__EXERCISE INSTRUCTIONS__.
Among the lines below, tally those that hold "simp". Return the number and nothing more.

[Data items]
◆ ◆ ◆ ◆

lemma continuous_map_if_locally_small_sphere_diam:
  assumes sphere: "g ` topspace T \<subseteq> sphere 0 1"
    and small: "\<forall>e>0. \<forall>x\<in>topspace T. \<exists>U. openin T U \<and> x \<in> U \<and> sphere_diam (g ` U) \<le> e"
  shows "continuous_map T euclidean g"
  unfolding continuous_map_euclidean_iff_ball
proof (intro ballI allI impI)
  fix x and r :: real
  assume "x \<in> topspace T" "r > 0"
  then obtain U where U: "openin T U" "x \<in> U" "sphere_diam (g ` U) \<le> r / 2"
    using small by (meson half_gt_zero)
  have "g ` U \<subseteq> sphere 0 1"
    using sphere openin_subset[OF U(1)] by blast
  have "g ` U \<noteq> {}"
    using U(2) by blast
  have small_U: "\<forall>u\<in>g ` U. \<forall>v\<in>g ` U. sphere_dist u v \<le> r / 2"
    using sphere_diam_le_iff[OF \<open>g ` U \<noteq> {}\<close> \<open>g ` U \<subseteq> sphere 0 1\<close>] U(3) by blast
  have "dist (g x) (g y) < r" if "y \<in> U" for y
  proof -
    have unit: "norm (g x) = 1" "norm (g y) = 1"
      using \<open>g ` U \<subseteq> sphere 0 1\<close> U(2) that by auto
    have "dist (g x) (g y) \<le> sphere_dist (g x) (g y)"
      unfolding sphere_dist_def by (rule dist_unit_le_arccos[OF unit])
    also have "\<dots> \<le> r / 2"
      using small_U U(2) that by blast
    finally show ?thesis
      using \<open>r > 0\<close> by linarith
  qed
  then show "\<exists>U. openin T U \<and> x \<in> U \<and> (\<forall>y\<in>U. g y \<in> ball (g x) r)"
    using U by auto
qed

lemma locally_small_sphere_diam_if_continuous_map:
  assumes sphere: "g ` topspace T \<subseteq> sphere 0 1"
    and cont: "continuous_map T euclidean g" and "x \<in> topspace T" "e > 0"
  shows "\<exists>U. openin T U \<and> x \<in> U \<and> sphere_diam (g ` U) \<le> e"
proof -
  define e' where "e' = min e pi"
  have e': "0 < e'" "e' \<le> pi" "e' \<le> e"
    using \<open>e > 0\<close> by (auto simp: e'_def)
  define r where "r = 2 * sin (e' / 2)"
  have "r > 0"
    using e' by (simp add: r_def sin_gt_zero)
  then obtain U where U: "openin T U" "x \<in> U" "\<forall>y\<in>U. g y \<in> ball (g x) (r / 2)"
    using cont \<open>x \<in> topspace T\<close> unfolding continuous_map_euclidean_iff_ball
    by (meson half_gt_zero)
  have "g ` U \<subseteq> sphere 0 1"
    using sphere openin_subset[OF U(1)] by blast
  have "sphere_dist (g y) (g y') \<le> e" if "y \<in> U" "y' \<in> U" for y y'
  proof -
    have unit: "norm (g y) = 1" "norm (g y') = 1"
      using \<open>g ` U \<subseteq> sphere 0 1\<close> that by auto
    have "dist (g x) (g y) < r / 2" "dist (g x) (g y') < r / 2"
      using U(3) that by auto
    then have "dist (g y) (g y') < r"
      by (rule dist_triangle_half_r)
    then have "arccos (g y \<bullet> g y') \<le> e'"
      using arccos_inner_le_iff[OF unit, of e'] e' by (simp add: r_def)
    then show ?thesis
      using e' by (simp add: sphere_dist_def)
  qed
  moreover have "g ` U \<noteq> {}"
    using U(2) by blast
  ultimately have "sphere_diam (g ` U) \<le> e"
    by (simp add: sphere_diam_le_iff[OF _ \<open>g ` U \<subseteq> sphere 0 1\<close>])
  then show ?thesis
    using U by blast
qed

◆ ◆ ◆ ◆

__RESPONSE__.
5